Hope you all had a good christmas 

Anyway back to reality.... We have been looking at the finance situation, and the only way we are going to afford the whole visa process (Using an agent) is through selling the house first which could take forever. One of the things we could do in the meantime is start the Vetassess skills assessment!!! As the title says, my OH is a bricklayer. 

Has any other Bricklayers completed the assessment for Vetassess and any advice on the best way to do? and has anyone done this assessment without using an agent.

Sorry about all the waffle 

Thanks in advance


Lisa x


----------



## alaina (Oct 14, 2007)

hi 
we are applying for the skills assessment at the moment - my husband is also a bricklayer - we do have an agent and have found their tips and guidance v usefull.

I do agree it is expensive but if it gives you the best chance of a positive outcome we think it is worth it.
It does involve lots of evidence gathering - references - tax and NI records - accounts - etc  we think we should have all our info in the next week or so..

We have not heard from any one who has completed the skills test yet - if my husband gets to do the test we will let you know what it is like.

We are getting our house ready to put for sale in Spring next year - we have been told not to do this until we get the visa - but we have decided to sell regardless of the out come of our visa application.

We are hoping to go to Western Australia (hoping that there is plenty of work for skilled brick layers!!).

Good luck with your application 
x


----------



## Sammy77 (Oct 16, 2007)

*Vetassess - Bricklayer*

Hi Alaina

Thanks for your response, we have said the same, ideally, we would like to put the house on the market about June time, and we have said the same regardless of the outcome of the Visa, we want to move anyway, ideally we want a bigger house with a Garden, at the moment we only have a Yard, which was fine before we had the boys 

Good luck with everything 

Le x


----------



## jarjar (Dec 31, 2007)

Hi there Lisa,
the skills assessment is such an easy form, you can do it yourself, not much involved in it.

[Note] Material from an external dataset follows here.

(* In the setting described in the context, for all sufficiently large $y$ (in terms of $E$, $\gamma$ and $\delta$), there exists a subset of $\mathbf{D}_{\mathbf{P}}$ which can be partitioned into $\frac{2^{\vert\mathbf{P}\vert}}{2M}$ sets of $M$ elements each, each of these sets having logarithmic spread greater than $1$.
   Context: For a finite set $\mathbf{S}$ of positive integers, $\mathbf{D}_{\mathbf{S}}=\{d: d\mid\prod_{s\in\mathbf{S}}s\}$, and the logarithmic spread of $\mathbf{S}$ is $\min_{s_1\neq s_2}\vert\log s_1-\log s_2\vert$ over $s_1,s_2\in\mathbf{S}$. $P^+(n)$ denotes the largest prime factor of $n$. Setting: fix $E>0$ and $\gamma>0$ such that $\#\{p\leq x: P^+(p-1)\leq x^{1-E}\}\geq\frac{\gamma x}{\log x}$ for all sufficiently large $x$. Fix $\delta>0$ and put $\Delta=\delta^2/24$. Fix positive constants $C_5,C_6$ and, for each positive integer $x$, an integer $s_x\in[\sqrt{\log x},e^{\sqrt{\log x}}]$ such that $\sum_{q\leq x^{2/5},\,s_x\nmid q}\max_{2\leq z\leq x}\max_{(a,q)=1}\vert\pi(z;q,a)-\pi(z)/\phi(q)\vert\leq C_5x e^{-C_6\sqrt{\log x}}$ for all $x$. Let $M$ be a fixed power of two depending only on $\delta$ (in the paper, the smallest power of two greater than the integer $N$ supplied, for $m=2$ and this $\Delta$, by the Maynard-type theorem: for any admissible set of $N$ linear forms $d_in+c_i$ with positive integer coefficients and $d_i>c_i$, at least $x/(\log x)^N$ integers $n\in[x,2x)$ make at least $m$ of the forms prime). Let $y$ be a large real parameter, $\Upsilon=\lceil e^{y^{2+2\Delta}}\rceil$, $\kappa=\prod_{y/\log y\leq p\leq y,\ P^+(p-1)\leq y^{1-E}}p^2$, and let $p^*$ be the largest prime factor of $s_{2\Upsilon\kappa}$. Finally $\mathbf{P}=\{p\text{ prime}: \frac{y}{\log y}\leq p\leq y,\ P^+(p-1)\leq y^{1-E},\ p\neq p^*\}$. *)

theory Defs
  imports "HOL-Analysis.Analysis" "HOL-Number_Theory.Number_Theory" "HOL-Library.Disjoint_Sets"
begin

It is much more quicker to DIY as this may take the agent longer to prioritise over other work. I have a fantastic agent in Australia who told us to do it ourselves. Also the police checks, you should diy too.


----------



## alaina (Oct 14, 2007)

hi
just read your message - i agree the form itself is straight forward - but weren't you asked for all the other supporting documents? we have a whole list - references, letteres from inland revenue, accountants, accounts and sworn declarations to be made at a solicitors office? 

Prehaps we have to do all this because my husband is self employed? getting all this info from 3rd parties is taking some time...

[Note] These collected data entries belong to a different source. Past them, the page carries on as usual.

lemma perturbed_argmax_approx:
  fixes f :: "nat set \<Rightarrow> real"
  assumes f0: "f {} = 0" and mo: "monotone_set_fun n f" and sm: "submodular_set_fun n f"
    and k: "0 < k" "k \<le> n"
    and v: "\<And>i. i < n \<Longrightarrow> (1 - curvature n f) * f {i} \<le> v i \<and> v i \<le> f {i}"
    and w: "\<And>i. i < n \<Longrightarrow> \<bar>w i - v i\<bar> \<le> \<eta>"
    and T: "T \<subseteq> {0..<n}" "card T = k"
    and argmax: "\<And>T'. T' \<subseteq> {0..<n} \<Longrightarrow> card T' = k \<Longrightarrow> (\<Sum>i\<in>T'. w i) \<le> (\<Sum>i\<in>T. w i)"
  shows "(1 - curvature n f)\<^sup>2 * opt_val n k f - 2 * real k * \<eta> \<le> f T"
proof -
  define c' where "c' = 1 - curvature n f"
  have c': "0 \<le> c'" "c' \<le> 1"
    using k curvature_nonneg[of f n] curvature_le_one[OF f0 mo] f0 by (auto simp: c'_def)
  have v_nonneg: "0 \<le> v i" if "i < n" for i
  proof -
    have "0 \<le> c' * f {i}"
      using c' set_fun_nonneg[OF f0 mo, of "{i}"] that by simp
    then show ?thesis
      using v[OF that] by (simp add: c'_def)
  qed
  obtain Topt where Topt: "Topt \<subseteq> {0..<n}" "card Topt \<le> k" "f Topt = opt_val n k f"
    using opt_val_attained[OF k(2)] .
  obtain T' where T': "Topt \<subseteq> T'" "T' \<subseteq> {0..<n}" "card T' = k"
    using exists_subset_between[OF Topt(2) _ Topt(1)] k by auto
  have fin: "finite Topt" "finite T'" "finite T"
    using Topt(1) T'(2) T(1) by (auto intro: finite_subset)
  have "c' * opt_val n k f \<le> c' * (\<Sum>i\<in>Topt. f {i})"
    using Topt set_fun_le_sum_singletons[OF f0 sm Topt(1)] c' by (simp add: mult_left_mono)
  also have "\<dots> \<le> (\<Sum>i\<in>Topt. v i)"
    unfolding sum_distrib_left c'_def using Topt(1) v by (intro sum_mono) auto
  also have "\<dots> \<le> (\<Sum>i\<in>T'. v i)"
    using fin T' v_nonneg by (intro sum_mono2) auto
  also have "\<dots> \<le> (\<Sum>i\<in>T. v i) + 2 * real k * \<eta>"
  proof -
    have "\<bar>w i - v i\<bar> \<le> \<eta>" if "i \<in> T \<union> T'" for i
      using that T(1) T'(2) w by auto
    then show ?thesis
      using sum_le_sum_of_perturbed_argmax[OF fin(3,2) _ _ argmax[OF T'(2,3)]] T(2) T'(3) by simp
  qed
  also have "\<dots> \<le> (\<Sum>i\<in>T. f {i}) + 2 * real k * \<eta>"
    using T(1) v by (simp add: sum_mono subset_eq)
  finally have "c' * (c' * opt_val n k f) \<le> c' * (\<Sum>i\<in>T. f {i}) + c' * (2 * real k * \<eta>)"
    using c' by (metis distrib_left mult_left_mono)
  moreover have "c' * (\<Sum>i\<in>T. f {i}) \<le> f T"
    unfolding c'_def by (rule curvature_sum_singletons_le[OF f0 mo T(1)])
  moreover have "c' * (2 * real k * \<eta>) \<le> 2 * real k * \<eta>"
    using c' k w[of 0] by (intro mult_left_le_one_le) auto
  ultimately show ?thesis
    by (simp add: c'_def power2_eq_square)
qed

what did you have to do? and what stage are you at? any advice at this stage is very helpful.

many thanks


----------



## dixonclan (Jan 16, 2008)

Hi there i have just read all the notes and seem interested to know does anybody know where the best places to live in Australia is for the most work for a bricklayer. We have a visa that is allowing us to live anywhere but we like the look of Adelaide but i looked up a job site for Australia and most the worked seemed to be in Brisbane. If so can anybody let me know how quick it is to find work and rent a house as we will have to treat it as a holiday and book a hotel what with having 3 kids in tow.
Any information is greatly received. We also used an agent and it took about 6 months and they let us pay bit by bit which is handy when you are trying to live in this country and rubbish wages.
Thankyou Dixon Family


----------